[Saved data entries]
----

(* The generating function of the number of compositions of $n$ with parts in $\{1,2\}$ having at least one water cell is \[ \sum_{n \ge 0} \Bigl(\sum_{k \ge 1} w(n,k)\Bigr) q^n = \frac{q^5}{(1 - q)^2 (1 - q^2) (1 - q - q^2)}. \]
   Context: A composition of $n \ge 0$ is a finite sequence $(c_1,\dots,c_t)$ of positive integers with $c_1+\cdots+c_t=n$; the empty composition is the unique composition of $0$. Let $C_{12}(n)$ be the set of compositions of $n$ all of whose parts lie in $\{1,2\}$. The number of water cells of a composition $(c_1,\dots,c_t)$ is $\sum_{i=1}^{t} \max\bigl(0, \min(\max_{j \le i} c_j, \max_{j \ge i} c_j) - c_i\bigr)$ (the number of unit squares that would hold water poured over its bargraph, in which column $i$ has height $c_i$). For $n,k \ge 0$, $W(n,k)$ is the set of compositions in $C_{12}(n)$ with exactly $k$ water cells and $w(n,k)=|W(n,k)|$. *)

theory Defs
  imports "HOL-Computational_Algebra.Formal_Power_Series" "HOL-Analysis.Infinite_Sum"
begin

definition C12 :: "nat \<Rightarrow> nat list set" where
  "C12 n = {cs. set cs \<subseteq> {1, 2} \<and> sum_list cs = n}"

text \<open>Number of water cells; column i (0-based) holds
  max 0 (min (max of c_0..c_i) (max of c_i..c_(t-1)) - c_i); nat subtraction truncates at 0.\<close>
definition water :: "nat list \<Rightarrow> nat" where
  "water cs = (\<Sum>i<length cs.
      min (Max (set (take (Suc i) cs))) (Max (set (drop i cs))) - cs ! i)"

definition W :: "nat \<Rightarrow> nat \<Rightarrow> nat list set" where
  "W n k = {cs \<in> C12 n. water cs = k}"

definition w :: "nat \<Rightarrow> nat \<Rightarrow> nat" where
  "w n k = card (W n k)"

end

theory Submission
  imports Defs
begin

text \<open>Split off the first part. A leading 1 is never higher than what follows, so it neither
  holds water nor changes the water of the rest. A leading 2 is a wall at least as high as
  everything after it, so the rest then holds its walled water: one cell for every 1 that is
  followed somewhere by a 2. The walled water vanishes exactly on the compositions \<open>2\<^sup>a 1\<^sup>b\<close>.
  Writing \<open>F n\<close> for the number of all compositions of \<open>n\<close> (a Fibonacci number),
  \<open>Z n\<close> for those without walled water and \<open>G n\<close> for those holding water, this gives
  \<open>Z (n + 2) = Z n + 1\<close> and \<open>G (n + 2) = G (n + 1) + F n - Z n\<close>, that is
  \<open>G(q) (1 - q) = q\<^sup>2 (1 / (1 - q - q\<^sup>2) - 1 / ((1 - q) (1 - q\<^sup>2)))\<close>.\<close>

unbundle fps_syntax

lemma infsum_card_fibres:
  assumes "finite A"
  shows "(\<Sum>\<^sub>\<infinity>k\<in>K. real (card {x \<in> A. f x = k})) = real (card {x \<in> A. f x \<in> K})"
proof -
  have fibre_empty: "{x \<in> A. f x = k} = {}" if "k \<notin> f ` A" for k
    using that by auto
  have "(\<Sum>\<^sub>\<infinity>k\<in>K. real (card {x \<in> A. f x = k})) =
      (\<Sum>\<^sub>\<infinity>k\<in>K \<inter> f ` A. real (card {x \<in> A. f x = k}))"
    by (intro infsum_cong_neutral) (auto simp: fibre_empty)
  also have "\<dots> = real (\<Sum>k\<in>K \<inter> f ` A. card {x \<in> A. f x = k})"
    using assms by simp
  also have "(\<Sum>k\<in>K \<inter> f ` A. card {x \<in> A. f x = k}) = card (\<Union>k\<in>K \<inter> f ` A. {x \<in> A. f x = k})"
    using assms by (subst card_UN_disjoint) auto
  also have "(\<Union>k\<in>K \<inter> f ` A. {x \<in> A. f x = k}) = {x \<in> A. f x \<in> K}"
    by auto
  finally show ?thesis .
qed

lemma fps_eq_Suc_SucI:
  fixes f g :: "'a::zero fps"
  assumes "f $ 0 = g $ 0" "f $ 1 = g $ 1" "\<And>n. f $ Suc (Suc n) = g $ Suc (Suc n)"
  shows "f = g"
proof (rule fps_ext)
  fix n show "f $ n = g $ n"
  proof (cases n)
    case (Suc m)
    then show ?thesis using assms by (cases m) simp_all
  qed (use assms in simp)
qed

definition walled_water :: "nat list \<Rightarrow> nat" where
  "walled_water xs = (\<Sum>i<length xs. Max (set (drop i xs)) - xs ! i)"

lemma walled_water_Nil [simp]: "walled_water [] = 0"
  by (simp add: walled_water_def)

lemma walled_water_Cons:
  "walled_water (x # xs) = (Max (insert x (set xs)) - x) + walled_water xs"
  unfolding walled_water_def length_Cons sum.lessThan_Suc_shift by simp

lemma walled_water_const:
  "set xs \<subseteq> {c} \<Longrightarrow> walled_water xs = 0"
  by (induction xs) (auto simp: walled_water_Cons)

lemma water_Cons:
  "water (x # xs) = (\<Sum>i<length xs.
     min (Max (insert x (set (take (Suc i) xs)))) (Max (set (drop i xs))) - xs ! i)"
  unfolding water_def length_Cons sum.lessThan_Suc_shift by simp

lemma water_Cons_lower:
  assumes "\<forall>y\<in>set xs. x \<le> y"
  shows "water (x # xs) = water xs"
proof -
  have "Max (insert x (set (take (Suc i) xs))) = Max (set (take (Suc i) xs))"
    if "i < length xs" for i
  proof -
    have "hd xs \<in> set (take (Suc i) xs)" "x \<le> hd xs"
      using that assms by (cases xs; simp)+
    then show ?thesis
      by (metis List.finite_set Max_insert empty_iff max.absorb2 Max_ge order_trans)
  qed
  then show ?thesis unfolding water_Cons by (simp add: water_def)
qed

lemma water_Cons_upper:
  assumes "\<forall>y\<in>set xs. y \<le> x"
  shows "water (x # xs) = walled_water xs"
proof -
  have "Max (insert x (set (take (Suc i) xs))) = x" "Max (set (drop i xs)) \<le> x"
    if "i < length xs" for i
    using that assms by (auto intro!: Max_eqI dest: in_set_takeD in_set_dropD)
  then show ?thesis unfolding water_Cons by (simp add: walled_water_def)
qed

lemma length_le_sum_list_12: "set xs \<subseteq> {1, 2} \<Longrightarrow> length xs \<le> sum_list xs"
  by (induction xs) auto

lemma finite_C12: "finite (C12 n)"
proof (rule finite_subset)
  show "C12 n \<subseteq> {xs. set xs \<subseteq> {1, 2} \<and> length xs \<le> n}"
    unfolding C12_def using length_le_sum_list_12 by fastforce
qed (rule finite_lists_length_le, simp)

lemma Cons_in_C12_iff: "x # xs \<in> C12 n \<longleftrightarrow> x \<in> {1, 2} \<and> x \<le> n \<and> xs \<in> C12 (n - x)"
  unfolding C12_def by auto

lemma C12_0: "C12 0 = {[]}"
proof -
  have "xs = []" if "xs \<in> C12 0" for xs
    using that by (cases xs) (auto simp: C12_def)
  then show ?thesis by (auto simp: C12_def)
qed

lemma C12_1: "C12 (Suc 0) = {[1]}"
proof -
  have "xs = [1]" if "xs \<in> C12 (Suc 0)" for xs
  proof (cases xs)
    case Nil
    with that show ?thesis by (simp add: C12_def)
  next
    case (Cons x ys)
    with that show ?thesis by (auto simp: Cons_in_C12_iff C12_0)
  qed
  then show ?thesis by (auto simp: C12_def)
qed

lemma C12_Suc_Suc: "C12 (Suc (Suc n)) = Cons 1 ` C12 (Suc n) \<union> Cons 2 ` C12 n"
proof -
  have "xs \<noteq> []" if "xs \<in> C12 (Suc (Suc n))" for xs
    using that by (auto simp: C12_def)
  then show ?thesis by (force simp: neq_Nil_conv Cons_in_C12_iff)
qed

lemma C12_replicate_1: "{xs \<in> C12 n. set xs \<subseteq> {1}} = {replicate n 1}"
proof -
  have "xs = replicate (sum_list xs) 1" if "set xs \<subseteq> {1}" for xs :: "nat list"
    using that by (induction xs) auto
  then show ?thesis by (auto simp: C12_def sum_list_replicate)
qed

definition count_C12 :: "(nat list \<Rightarrow> bool) \<Rightarrow> nat \<Rightarrow> nat" where
  "count_C12 P n = card {xs \<in> C12 n. P xs}"

lemma count_C12_singleton: "C12 n = {ys} \<Longrightarrow> count_C12 P n = of_bool (P ys)"
proof -
  assume "C12 n = {ys}"
  moreover have "{xs \<in> {ys}. P xs} = (if P ys then {ys} else {})" by auto
  ultimately show ?thesis by (simp add: count_C12_def)
qed

lemma count_C12_Suc_Suc:
  "count_C12 P (Suc (Suc n)) = count_C12 (\<lambda>xs. P (1 # xs)) (Suc n) + count_C12 (\<lambda>xs. P (2 # xs)) n"
proof -
  let ?A = "{xs \<in> C12 (Suc n). P (1 # xs)}" and ?B = "{xs \<in> C12 n. P (2 # xs)}"
  have "{xs \<in> C12 (Suc (Suc n)). P xs} = Cons 1 ` ?A \<union> Cons 2 ` ?B"
    unfolding C12_Suc_Suc by auto
  moreover have "card (Cons 1 ` ?A \<union> Cons 2 ` ?B) = card (Cons 1 ` ?A) + card (Cons 2 ` ?B)"
    by (rule card_Un_disjoint) (auto simp: finite_C12)
  ultimately show ?thesis
    unfolding count_C12_def by (simp add: card_image)
qed

lemma count_C12_cong:
  "(\<And>xs. xs \<in> C12 n \<Longrightarrow> P xs \<longleftrightarrow> Q xs) \<Longrightarrow> count_C12 P n = count_C12 Q n"
  unfolding count_C12_def by (metis (mono_tags, lifting) Collect_cong)

lemma count_C12_add_not: "count_C12 P n + count_C12 (\<lambda>xs. \<not> P xs) n = card (C12 n)"
proof -
  have "C12 n = {xs \<in> C12 n. P xs} \<union> {xs \<in> C12 n. \<not> P xs}" by auto
  moreover have "card ({xs \<in> C12 n. P xs} \<union> {xs \<in> C12 n. \<not> P xs}) =
      count_C12 P n + count_C12 (\<lambda>xs. \<not> P xs) n"
    unfolding count_C12_def by (rule card_Un_disjoint) (auto simp: finite_C12)
  ultimately show ?thesis by simp
qed

lemma water_Cons_1: "set xs \<subseteq> {1, 2} \<Longrightarrow> water (1 # xs) = water xs"
  by (rule water_Cons_lower) auto

lemma water_Cons_2: "set xs \<subseteq> {1, 2} \<Longrightarrow> water (2 # xs) = walled_water xs"
  by (rule water_Cons_upper) auto

lemma walled_water_Cons_2: "set xs \<subseteq> {1, 2} \<Longrightarrow> walled_water (2 # xs) = walled_water xs"
  by (subst walled_water_Cons, subst Max_eqI) auto

lemma walled_water_Cons_1_eq_0_iff:
  assumes "set xs \<subseteq> {1, 2}"
  shows "walled_water (1 # xs) = 0 \<longleftrightarrow> set xs \<subseteq> {1}"
proof
  assume "walled_water (1 # xs) = 0"
  then have "Max (insert 1 (set xs)) - 1 = 0"
    unfolding walled_water_Cons by linarith
  with assms show "set xs \<subseteq> {1}" by (force simp: subset_iff)
next
  assume "set xs \<subseteq> {1}"
  then show "walled_water (1 # xs) = 0" by (intro walled_water_const[of _ 1]) simp
qed

lemma card_C12_Suc_Suc: "card (C12 (Suc (Suc n))) = card (C12 (Suc n)) + card (C12 n)"
  using count_C12_Suc_Suc[of "\<lambda>_. True"] by (simp add: count_C12_def)

lemma count_C12_walled_dry_Suc_Suc:
  "count_C12 (\<lambda>xs. walled_water xs = 0) (Suc (Suc n)) = count_C12 (\<lambda>xs. walled_water xs = 0) n + 1"
proof -
  have "count_C12 (\<lambda>xs. walled_water (1 # xs) = 0) (Suc n) = count_C12 (\<lambda>xs. set xs \<subseteq> {1}) (Suc n)"
    by (rule count_C12_cong, rule walled_water_Cons_1_eq_0_iff) (simp add: C12_def)
  also have "\<dots> = 1"
    unfolding count_C12_def C12_replicate_1 by simp
  finally have after_1: "count_C12 (\<lambda>xs. walled_water (1 # xs) = 0) (Suc n) = 1" .
  have after_2: "count_C12 (\<lambda>xs. walled_water (2 # xs) = 0) n = count_C12 (\<lambda>xs. walled_water xs = 0) n"
    by (rule count_C12_cong) (simp add: C12_def walled_water_Cons_2)
  show ?thesis
    unfolding count_C12_Suc_Suc after_1 after_2 by simp
qed

lemma count_C12_wet_Suc_Suc:
  "count_C12 (\<lambda>xs. 0 < water xs) (Suc (Suc n)) =
    count_C12 (\<lambda>xs. 0 < water xs) (Suc n) + count_C12 (\<lambda>xs. 0 < walled_water xs) n"
  unfolding count_C12_Suc_Suc
  by (intro arg_cong2[where f = "(+)"] count_C12_cong; subst water_Cons_1 water_Cons_2)
    (auto simp: C12_def)

definition ogf :: "(nat \<Rightarrow> nat) \<Rightarrow> real fps" where
  "ogf f = Abs_fps (\<lambda>n. real (f n))"

lemma ogf_C12: "ogf (\<lambda>n. card (C12 n)) * (1 - fps_X - fps_X ^ 2) = 1"
  by (rule fps_eq_Suc_SucI)
    (simp_all add: ogf_def algebra_simps power2_eq_square C12_0 C12_1 card_C12_Suc_Suc)

lemma ogf_walled_dry:
  "ogf (count_C12 (\<lambda>xs. walled_water xs = 0)) * (1 - fps_X ^ 2) * (1 - fps_X) = 1"
proof -
  have "ogf (count_C12 (\<lambda>xs. walled_water xs = 0)) * (1 - fps_X ^ 2) = ogf (\<lambda>_. 1)"
    by (rule fps_eq_Suc_SucI)
      (simp_all add: ogf_def algebra_simps power2_eq_square count_C12_walled_dry_Suc_Suc
        count_C12_singleton[OF C12_0] count_C12_singleton[OF C12_1]
        walled_water_Cons)
  moreover have "ogf (\<lambda>_. 1) * (1 - fps_X) = 1"
    by (rule fps_eq_Suc_SucI) (simp_all add: ogf_def algebra_simps)
  ultimately show ?thesis by simp
qed

lemma ogf_wet:
  "ogf (count_C12 (\<lambda>xs. 0 < water xs)) * (1 - fps_X) =
    fps_X ^ 2 * (ogf (\<lambda>n. card (C12 n)) - ogf (count_C12 (\<lambda>xs. walled_water xs = 0)))"
proof (rule fps_eq_Suc_SucI)
  fix n
  have "count_C12 (\<lambda>xs. walled_water xs = 0) n + count_C12 (\<lambda>xs. 0 < walled_water xs) n = card (C12 n)"
    using count_C12_add_not[of "\<lambda>xs. walled_water xs = 0"] by simp
  then have "real (count_C12 (\<lambda>xs. 0 < walled_water xs) n) =
      real (card (C12 n)) - real (count_C12 (\<lambda>xs. walled_water xs = 0) n)"
    by linarith
  then show "(ogf (count_C12 (\<lambda>xs. 0 < water xs)) * (1 - fps_X)) $ Suc (Suc n) =
    (fps_X ^ 2 * (ogf (\<lambda>n. card (C12 n)) - ogf (count_C12 (\<lambda>xs. walled_water xs = 0)))) $ Suc (Suc n)"
    by (simp add: ogf_def algebra_simps power2_eq_square count_C12_wet_Suc_Suc)
qed (simp_all add: ogf_def algebra_simps count_C12_singleton[OF C12_0]
      count_C12_singleton[OF C12_1] water_def)

lemma ogf_wet_times_denominator:
  "ogf (count_C12 (\<lambda>xs. 0 < water xs)) *
    ((1 - fps_X) ^ 2 * (1 - fps_X ^ 2) * (1 - fps_X - fps_X ^ 2)) = fps_X ^ 5"
proof -
  let ?G = "ogf (count_C12 (\<lambda>xs. 0 < water xs))"
    and ?F = "ogf (\<lambda>n. card (C12 n))" and ?Z = "ogf (count_C12 (\<lambda>xs. walled_water xs = 0))"
  have "?G * ((1 - fps_X) ^ 2 * (1 - fps_X ^ 2) * (1 - fps_X - fps_X ^ 2)) =
      ?G * (1 - fps_X) * ((1 - fps_X ^ 2) * (1 - fps_X) * (1 - fps_X - fps_X ^ 2))"
    by (simp add: power2_eq_square mult_ac)
  also have "\<dots> = fps_X ^ 2 * (?F * (1 - fps_X - fps_X ^ 2) * ((1 - fps_X ^ 2) * (1 - fps_X))
      - ?Z * (1 - fps_X ^ 2) * (1 - fps_X) * (1 - fps_X - fps_X ^ 2))"
    unfolding ogf_wet by (simp add: algebra_simps)
  also have "\<dots> = fps_X ^ 2 * ((1 - fps_X ^ 2) * (1 - fps_X) - (1 - fps_X - fps_X ^ 2))"
    unfolding ogf_C12 ogf_walled_dry by simp
  also have "\<dots> = fps_X ^ 5"
    by (simp add: algebra_simps power2_eq_square power3_eq_cube numeral_eq_Suc)
  finally show ?thesis .
qed

theorem mainTheorem7:
  shows "Abs_fps (\<lambda>n. (\<Sum>\<^sub>\<infinity>k\<in>{1..}. real (w n k))) =
    fps_X ^ 5 / ((1 - fps_X) ^ 2 * (1 - fps_X ^ 2) * (1 - fps_X - fps_X ^ 2))"
proof -
  let ?D = "(1 - fps_X) ^ 2 * (1 - fps_X ^ 2) * (1 - fps_X - fps_X ^ 2) :: real fps"
  have "(\<Sum>\<^sub>\<infinity>k\<in>{1..}. real (w n k)) = real (count_C12 (\<lambda>xs. 0 < water xs) n)" for n
    unfolding w_def W_def count_C12_def by (simp add: infsum_card_fibres finite_C12 Suc_le_eq)
  then have gf: "Abs_fps (\<lambda>n. (\<Sum>\<^sub>\<infinity>k\<in>{1..}. real (w n k))) = ogf (count_C12 (\<lambda>xs. 0 < water xs))"
    by (simp add: ogf_def)
  have "?D $ 0 = 1"
    by (simp add: power2_eq_square)
  then have "?D \<noteq> 0"
    by (metis fps_zero_nth zero_neq_one)
  then show ?thesis
    unfolding gf ogf_wet_times_denominator[symmetric] by (rule fps_divide_times_eq[symmetric])
qed

end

----

When you reach the line holding "(x # xs) = walled_water" in the records above, begin reproducing exactly, stop after the line holding "proof (rule finite_subset)", and output nothing else.

  shows "water (x # xs) = walled_water xs"
proof -
  have "Max (insert x (set (take (Suc i) xs))) = x" "Max (set (drop i xs)) \<le> x"
    if "i < length xs" for i
    using that assms by (auto intro!: Max_eqI dest: in_set_takeD in_set_dropD)
  then show ?thesis unfolding water_Cons by (simp add: walled_water_def)
qed

lemma length_le_sum_list_12: "set xs \<subseteq> {1, 2} \<Longrightarrow> length xs \<le> sum_list xs"
  by (induction xs) auto

lemma finite_C12: "finite (C12 n)"
proof (rule finite_subset)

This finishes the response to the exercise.